Work order
Retype each line exactly as it stands, beginning at the first line of the material and finishing with the line that contains "by (cases i) (simp_all only: connection_of_def".

------ Recorded information

text \<open>The connection with \<open>\<nabla>\<omega>\<^sup>i = N i\<close>, and the braiding determined by the right Leibniz
  rule \<open>\<sigma>(\<omega>\<^sup>i \<otimes> d(xy j)) = \<nabla>(\<omega>\<^sup>i xy j) - (\<nabla>\<omega>\<^sup>i) xy j\<close> (in characteristic 2, \<open>- = +\<close>).\<close>
definition connection_of :: "(ix \<Rightarrow> T2) \<Rightarrow> Om1 \<Rightarrow> T2" where
  "connection_of N w = (\<Sum>i\<in>UNIV. lmulT (w i) (N i) + tens (d0 (w i)) (e i))"

definition braiding_of :: "(ix \<Rightarrow> T2) \<Rightarrow> T2 \<Rightarrow> T2" where
  "braiding_of N t = (\<Sum>i\<in>UNIV. \<Sum>j\<in>UNIV.
     lmulT (t i j) (connection_of N (rmul (e i) (xy j)) + rmulT (N i) (xy j)))"

lemma connection_of_e: "connection_of N (e i) = N i"
  by (cases i) (simp_all only: connection_of_def sum_UNIV_ix e_case ix.case d0_zero d0_one
      lmulT_zero lmulT_one tens_zero_left add_0_left add_0_right)

lemma connection_of_add: "connection_of N (w + v) = connection_of N w + connection_of N v"
  by (simp add: connection_of_def sum_UNIV_ix lmulT_add_left d0_add tens_add_left algebra_simps)

lemma connection_of_lmul: "connection_of N (lmul a w) = lmulT a (connection_of N w) + tens (d0 a) w"
proof -
  have "tens (d0 a) w = tens (d0 a) (lmul (w I1) (e I1)) + tens (d0 a) (lmul (w I2) (e I2))"
    by (subst Om1_decompose[of w]) (rule tens_add_right)
  then show ?thesis
    by (simp add: connection_of_def sum_UNIV_ix lmul_def[of a] tens_d0_mult lmulT_mult
        lmulT_add_right algebra_simps)
qed

lemma braiding_of_add: "braiding_of N (t + u) = braiding_of N t + braiding_of N u"
  by (simp add: braiding_of_def sum_UNIV_ix lmulT_add_left algebra_simps)

lemma braiding_of_lmulT: "braiding_of N (lmulT a t) = lmulT a (braiding_of N t)"
  by (simp add: braiding_of_def sum_UNIV_ix lmulT_def fun_eq_iff algebra_simps)

lemma bimodule_connection_eq:
  assumes "bimodule_connection nab sig"
  shows "nab = connection_of (\<lambda>i. nab (e i))" "sig = braiding_of (\<lambda>i. nab (e i))"
proof -
  define N where "N = (\<lambda>i. nab (e i))"
  have add: "\<And>w v. nab (w + v) = nab w + nab v"
    and left: "\<And>a w. nab (lmul a w) = lmulT a (nab w) + tens (d0 a) w"
    and sig_add: "\<And>t u. sig (t + u) = sig t + sig u"
    and sig_lmulT: "\<And>a t. sig (lmulT a t) = lmulT a (sig t)"
    and right: "\<And>a w. nab (rmul w a) = rmulT (nab w) a + sig (tens w (d0 a))"
    using assms unfolding bimodule_connection_def bimodule_map_T_def by blast+
  have nab: "nab = connection_of N"
  proof
    fix w
    have "nab w = nab (lmul (w I1) (e I1)) + nab (lmul (w I2) (e I2))"
      by (subst Om1_decompose[of w]) (rule add)
    then show "nab w = connection_of N w"
      by (simp only: left connection_of_def sum_UNIV_ix add.assoc N_def)
  qed
  have sig_basis: "sig (tens (e i) (e j)) = nab (rmul (e i) (xy j)) + rmulT (N i) (xy j)" for i j
    using right[of "e i" "xy j"] unfolding N_def d0_xy by (rule T2_eq_add_iff[THEN iffD1])
  have sig: "sig = braiding_of N"
  proof
    fix t
    have "sig t = sig (\<Sum>i\<in>UNIV. \<Sum>j\<in>UNIV. lmulT (t i j) (tens (e i) (e j)))"
      by (simp only: T2_decompose[of t, symmetric])
    also have "\<dots> = braiding_of N t"
      by (simp only: sum_UNIV_ix sig_add sig_lmulT sig_basis braiding_of_def nab[symmetric])
    finally show "sig t = braiding_of N t" .
  qed
  show "nab = connection_of (\<lambda>i. nab (e i))"
    using nab unfolding N_def .
  show "sig = braiding_of (\<lambda>i. nab (e i))"
    using sig unfolding N_def .
qed

lemma wedgeT_add: "wedgeT (s + t) = wedgeT s + wedgeT t"
  by (simp add: wedgeT_def sum_UNIV_ix algebra_simps)

lemma wedgeT_lmulT: "wedgeT (lmulT a t) = a * wedgeT t"
  by (simp add: wedgeT_def lmulT_def sum_UNIV_ix algebra_simps)

lemma wedgeT_zero: "wedgeT 0 = 0"
  by (simp add: wedgeT_def)

lemma d1_e: "d1 (e i) = 0"
  by (cases i) (simp_all only: e_case d1_case d0_zero d0_one tens_zero_left wedgeT_zero add_0_left)

lemma wedgeT_connection_of:
  "wedgeT (connection_of N w) = w I1 * wedgeT (N I1) + w I2 * wedgeT (N I2) + d1 w"
  by (simp add: connection_of_def d1_def wedge_def sum_UNIV_ix wedgeT_add wedgeT_lmulT algebra_simps)

lemma torsion_free_connection_of_iff:
  "torsion_free (connection_of N) \<longleftrightarrow> (\<forall>i. wedgeT (N i) = 0)"
proof
  assume "torsion_free (connection_of N)"
  then have "wedgeT (connection_of N (e i)) = d1 (e i)" for i
    unfolding torsion_free_def by blast
  then show "\<forall>i. wedgeT (N i) = 0"
    by (simp add: connection_of_e d1_e)
next
  assume "\<forall>i. wedgeT (N i) = 0"
  then show "torsion_free (connection_of N)"
    unfolding torsion_free_def wedgeT_connection_of by simp
qed

section \<open>The quantum Levi-Civita connections of gB\<close>

definition curved_christoffel :: "ix \<Rightarrow> T2" where
  "curved_christoffel = case_ix
     (mat2 (vals 1 0 0) (vals 1 0 0) (vals 1 0 0) (vals 1 0 1))
     (mat2 (vals 1 1 0) (vals 1 0 0) (vals 1 0 0) (vals 1 0 0))"

definition flat_christoffels :: "(ix \<Rightarrow> T2) set" where
  "flat_christoffels =
    {case_ix (mat2 (vals 1 0 1) (vals 1 0 0) (vals 1 1 1) (vals 1 1 1))
             (mat2 (vals 1 1 1) (vals 0 0 0) (vals 1 0 1) (vals 1 0 0)),
     case_ix (mat2 (vals 1 0 1) (vals 1 1 0) (vals 0 1 1) (vals 1 0 1))
             (mat2 (vals 1 1 0) (vals 0 1 1) (vals 1 0 1) (vals 1 1 0)),
     case_ix (mat2 (vals 1 0 0) (vals 1 1 0) (vals 0 0 0) (vals 1 1 1))
             (mat2 (vals 1 1 1) (vals 1 1 1) (vals 1 0 0) (vals 1 1 0))}"
lemma ker_gen_in_kernel_sum_reduce: "i < n \<Longrightarrow> ker_gen T i g \<in> kernel_sum n (reduce n T)"
proof (induction "(i, g)" arbitrary: i g rule: less_induct)
  case less
  have linear_U: "\<forall>i<n. linear_op (reduce n T i)" using linear_reduce by blast
  consider "g \<in> nf (T i)" | "g \<in> red (T i)" "(i, g) \<notin> lt_syz n T" | "(i, g) \<in> lt_syz n T"
    by (auto simp: red_def)
  then show ?case
  proof cases
    case 1
    then show ?thesis by (simp add: ker_gen_def nf_def kernel_sum_zero[OF linear_U])
  next
    case 2
    then have "reduce n T i (bvec g) = T i (bvec g)" by (simp add: reduce_def)
    with \<open>i < n\<close> have "ker_gen T i g \<in> kernel (reduce n T i)"
      by (simp add: kernel_def ker_gen_def linear_op_diff[OF linear_reduce] reduce_fixes_image)
    then show ?thesis using kernel_subset_kernel_sum[OF linear_U \<open>i < n\<close>] by blast
  next
    case 3
    then show ?thesis using less.hyps by (rule ker_gen_lt_syz_in_kernel_sum[OF linear_U])
  qed
qed

lemma kernel_sum_reduce: "kernel_sum n (reduce n T) = kernel_sum n T"
proof
  show "kernel_sum n (reduce n T) \<subseteq> kernel_sum n T"
    unfolding kernel_sum_def using kernel_reduce_subset by blast
next
  have linear_U: "\<forall>i<n. linear_op (reduce n T i)" using linear_reduce by blast
  have kernel_in: "v \<in> kernel_sum n (reduce n T)" if "i < n" "v \<in> kernel (T i)" for i v
  proof -
    have "v = lin_ext (ker_gen T i) v"
      using that by (intro kernel_eq_lin_ext_ker_gen linear_T)
    also have "\<dots> \<in> kernel_sum n (reduce n T)"
      using ker_gen_in_kernel_sum_reduce[OF \<open>i < n\<close>] by (rule lin_ext_in_kernel_sum[OF linear_U])
    finally show ?thesis .
  qed
  show "kernel_sum n T \<subseteq> kernel_sum n (reduce n T)"
  proof
    fix v assume "v \<in> kernel_sum n T"
    then obtain vs where vs: "\<forall>i<n. vs i \<in> kernel (T i)" and v: "v = (\<Sum>i<n. vs i)"
      unfolding kernel_sum_def by blast
    show "v \<in> kernel_sum n (reduce n T)"
      unfolding v by (rule kernel_sum_sum[OF linear_U]) (use vs kernel_in in blast)
  qed
qed

end

theorem mainTheorem7:
  fixes n :: nat
    and T :: "nat \<Rightarrow> ('g::wellorder, 'k::field) vec \<Rightarrow> ('g, 'k) vec"
  assumes "\<forall>i<n. reduction_op (T i)"
  shows "wedge n (reduce n T) = wedge n T \<and> obs n T \<subseteq> obs n (reduce n T)"
proof -
  have wedge_eq: "wedge n (reduce n T) = wedge n T"
    by (simp add: wedge_eq_ker_inv_kernel_sum kernel_sum_reduce[OF assms])
  have "nfF n T \<subseteq> nfF n (reduce n T)"
    using nf_subset_nf_reduce unfolding nfF_def by blast
  then show ?thesis unfolding obs_def wedge_eq by blast
qed

end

------------

Solution for this problem
text \<open>The connection with \<open>\<nabla>\<omega>\<^sup>i = N i\<close>, and the braiding determined by the right Leibniz
  rule \<open>\<sigma>(\<omega>\<^sup>i \<otimes> d(xy j)) = \<nabla>(\<omega>\<^sup>i xy j) - (\<nabla>\<omega>\<^sup>i) xy j\<close> (in characteristic 2, \<open>- = +\<close>).\<close>
definition connection_of :: "(ix \<Rightarrow> T2) \<Rightarrow> Om1 \<Rightarrow> T2" where
  "connection_of N w = (\<Sum>i\<in>UNIV. lmulT (w i) (N i) + tens (d0 (w i)) (e i))"

definition braiding_of :: "(ix \<Rightarrow> T2) \<Rightarrow> T2 \<Rightarrow> T2" where
  "braiding_of N t = (\<Sum>i\<in>UNIV. \<Sum>j\<in>UNIV.
     lmulT (t i j) (connection_of N (rmul (e i) (xy j)) + rmulT (N i) (xy j)))"

lemma connection_of_e: "connection_of N (e i) = N i"
  by (cases i) (simp_all only: connection_of_def sum_UNIV_ix e_case ix.case d0_zero d0_one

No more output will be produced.